Centrifuge
About
Centrifuge provides institutional-grade infrastructure for tokenizing real-world assets (RWAs) into onchain investment products. The platform enables asset managers, fintechs, and DeFi protocols to launch compliant tokenized funds with automated infrastructure and multi-chain distribution capabilities. Centrifuge connects traditional capital markets to onchain rails, offering both self-serve white-label solutions and full-service managed options through its asset management arm Anemoy.
Where Does Yield Come From?
Centrifuge helps generate yield by tokenizing real-world assets (like loans or funds) using a central hub with connected spokes.
Investors deposit assets, mainly USDC stablecoin, into vaults on the connected spokes. These vaults accept two types of deposits:
- Instant (synchronous) flows: you get shares right away, suitable for liquid strategies.
- Request-based (asynchronous) flows: deposits and withdrawals go through a queue, approval, and pricing process, better for strategies that involve offchain steps.
The deposited funds are allocated to tokenized investment strategies. These include institutional treasuries, credit products, and index funds—for example, the Anemoy S&P 500 Index Fund, which is licensed from S&P Dow Jones Indices.
Yield comes from the underlying real-world assets. It can be:
- Interest payments
- Dividends
- Capital appreciation (value increase) of the institutional-grade assets.
Investors receive share tokens that represent their proportional ownership in these strategies. How yield is distributed depends on the vault design:
- Synchronous vaults mint shares instantly, ideal for onchain strategies that are liquid.
- Asynchronous vaults use a request-based flow, where deposits and redemptions are queued, approved, priced, and then fulfilled.

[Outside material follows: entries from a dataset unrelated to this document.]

text \<open>\<open>disc_excluded \<dots> n a b r\<close> certifies that the closed disc of radius \<open>r/M\<close> around
  \<open>grid_point M a b\<close> misses \<open>pm_set z\<close>, for every \<open>z\<close> within \<open>en/ed\<close> of
  \<open>z\<^sub>0 = grid_point D p q\<close> with \<open>\<bar>z\<bar>, \<bar>z\<^sub>0\<bar> \<ge> mn/md\<close>, given that \<open>pm_set z\<close> lies in the disc
  of radius \<open>RS/M\<close> around 0.  Either the disc is outside that bound, or both of its
  preimages \<open>(x - d)/z\<close>, \<open>d = \<plusminus>1\<close>, lie in discs that are excluded with fuel \<open>n - 1\<close>; the
  preimage disc is computed in integer arithmetic with \<open>z\<^sub>0\<close> for \<open>z\<close>, its radius enlarged to
  absorb the rounding and the error \<open>z - z\<^sub>0\<close>.\<close>

fun disc_excluded ::
  "int \<Rightarrow> int \<Rightarrow> int \<Rightarrow> int \<Rightarrow> int \<Rightarrow> int \<Rightarrow> int \<Rightarrow> int \<Rightarrow> int \<Rightarrow> nat \<Rightarrow> int \<Rightarrow> int \<Rightarrow> int \<Rightarrow> bool"
where
  "disc_excluded M p q D mn md en ed RS n a b r =
    (if (RS + r)^2 < a^2 + b^2 then True
     else case n of 0 \<Rightarrow> False
       | Suc k \<Rightarrow> (\<forall>d\<in>{1,-1}.
           let A = a - d*M; N2 = p^2 + q^2 in
           disc_excluded M p q D mn md en ed RS k (((A*p + b*q)*D) div N2) (((b*p - A*q)*D) div N2)
             (div_ceil (r*md) mn + div_ceil ((\<bar>A\<bar> + \<bar>b\<bar>)*en*md*md) (ed*mn*mn) + 2)))"

declare disc_excluded.simps [simp del]

lemma norm_diff_quotients_le:
  fixes z z0 x c d :: complex and m e R1 R2 :: real
  assumes m: "0 < m" "m \<le> norm z" "m \<le> norm z0" and ze: "norm (z - z0) \<le> e"
    and xc: "norm (x - c) \<le> R1" and cd: "norm (c - d) \<le> R2" and e: "0 \<le> e"
  shows "norm ((x - d) / z - (c - d) / z0) \<le> R1 / m + R2 * e / m^2"
proof -
  have nz: "z \<noteq> 0" "z0 \<noteq> 0"
    using m by auto
  have "0 \<le> R1" "0 \<le> R2"
    using xc cd norm_ge_zero[of "x - c"] norm_ge_zero[of "c - d"] by linarith+
  from nz have "(x - d) / z - (c - d) / z0 = (x - c) / z + (c - d) * (z0 - z) / (z * z0)"
    by (simp add: field_simps)
  also have "norm \<dots> \<le> norm (x - c) / norm z + norm (c - d) * norm (z - z0) / (norm z * norm z0)"
    by (rule order_trans[OF norm_triangle_ineq])
       (simp add: norm_divide norm_mult norm_minus_commute)
  also have "\<dots> \<le> R1 / m + R2 * e / (m * m)"
  proof (rule add_mono)
    show "norm (x - c) / norm z \<le> R1 / m"
      using m xc \<open>0 \<le> R1\<close> by (intro frac_le) auto
    show "norm (c - d) * norm (z - z0) / (norm z * norm z0) \<le> R2 * e / (m * m)"
      using m xc cd ze e \<open>0 \<le> R2\<close> by (intro frac_le mult_mono) auto
  qed
  finally show ?thesis
    by (simp add: power2_eq_square)
qed

lemma norm_grid_point_le: "M > 0 \<Longrightarrow> norm (grid_point M a b) \<le> (\<bar>of_int a\<bar> + \<bar>of_int b\<bar>) / of_int M"
  using cmod_le[of "grid_point M a b"] by (simp add: grid_point_def abs_divide add_divide_distrib)

lemma grid_point_diff_of_int: "M > 0 \<Longrightarrow> grid_point M a b - of_int d = grid_point M (a - d * M) b"
  by (simp add: grid_point_def complex_eq_iff field_simps)

lemma grid_point_divide_rounding:
  fixes M D p q A b :: int
  assumes "M > 0" "D > 0" "p^2 + q^2 > 0"
  shows "norm (grid_point M A b / grid_point D p q
     - grid_point M (((A*p + b*q)*D) div (p^2 + q^2)) (((b*p - A*q)*D) div (p^2 + q^2))) \<le> 2 / of_int M"
proof -
  define N2 where "N2 = p^2 + q^2"
  have N2: "N2 > 0"
    using assms by (simp add: N2_def)
  let ?e = "grid_point M A b / grid_point D p q"
  let ?c = "grid_point M (((A*p + b*q)*D) div N2) (((b*p - A*q)*D) div N2)"
  have den: "(Re (grid_point D p q))^2 + (Im (grid_point D p q))^2 = of_int N2 / (of_int D)^2"
    by (simp add: grid_point_def N2_def power_divide add_divide_distrib)
  define u v :: real where "u = of_int ((A*p + b*q)*D) / of_int N2"
    and "v = of_int ((b*p - A*q)*D) / of_int N2"
  have "Re ?e = u / of_int M" "Im ?e = v / of_int M"
    unfolding Re_divide Im_divide den u_def v_def using assms N2
    by (simp_all add: grid_point_def field_simps power2_eq_square)
  then have "Re (?e - ?c) = (u - of_int (((A*p + b*q)*D) div N2)) / of_int M"
    "Im (?e - ?c) = (v - of_int (((b*p - A*q)*D) div N2)) / of_int M"
    by (simp_all add: grid_point_def diff_divide_distrib)
  moreover have "\<bar>u - of_int (((A*p + b*q)*D) div N2)\<bar> < 1" "\<bar>v - of_int (((b*p - A*q)*D) div N2)\<bar> < 1"
    unfolding u_def v_def using div_rounding_error[OF N2] by blast+
  ultimately have "\<bar>Re (?e - ?c)\<bar> < 1 / of_int M" "\<bar>Im (?e - ?c)\<bar> < 1 / of_int M"
    using assms(1) by (simp_all add: abs_divide divide_strict_right_mono)
  then show ?thesis
    using cmod_le[of "?e - ?c"] unfolding N2_def by simp
qed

This works well for real-world asset strategies that have offchain components.
The platform also supports multi-asset vaults (using a standard called ERC-7575). This allows investors to deposit different types of assets while the capital is pooled for centralized management.
Tokenized real-world assets can be wrapped into special tokens called deRWA tokens. This makes them easier to use across various DeFi (decentralized finance) platforms. This opens up secondary yield opportunities—like lending them on markets such as Aave and Morpho, trading them on decentralized exchanges, or using them on other yield platforms.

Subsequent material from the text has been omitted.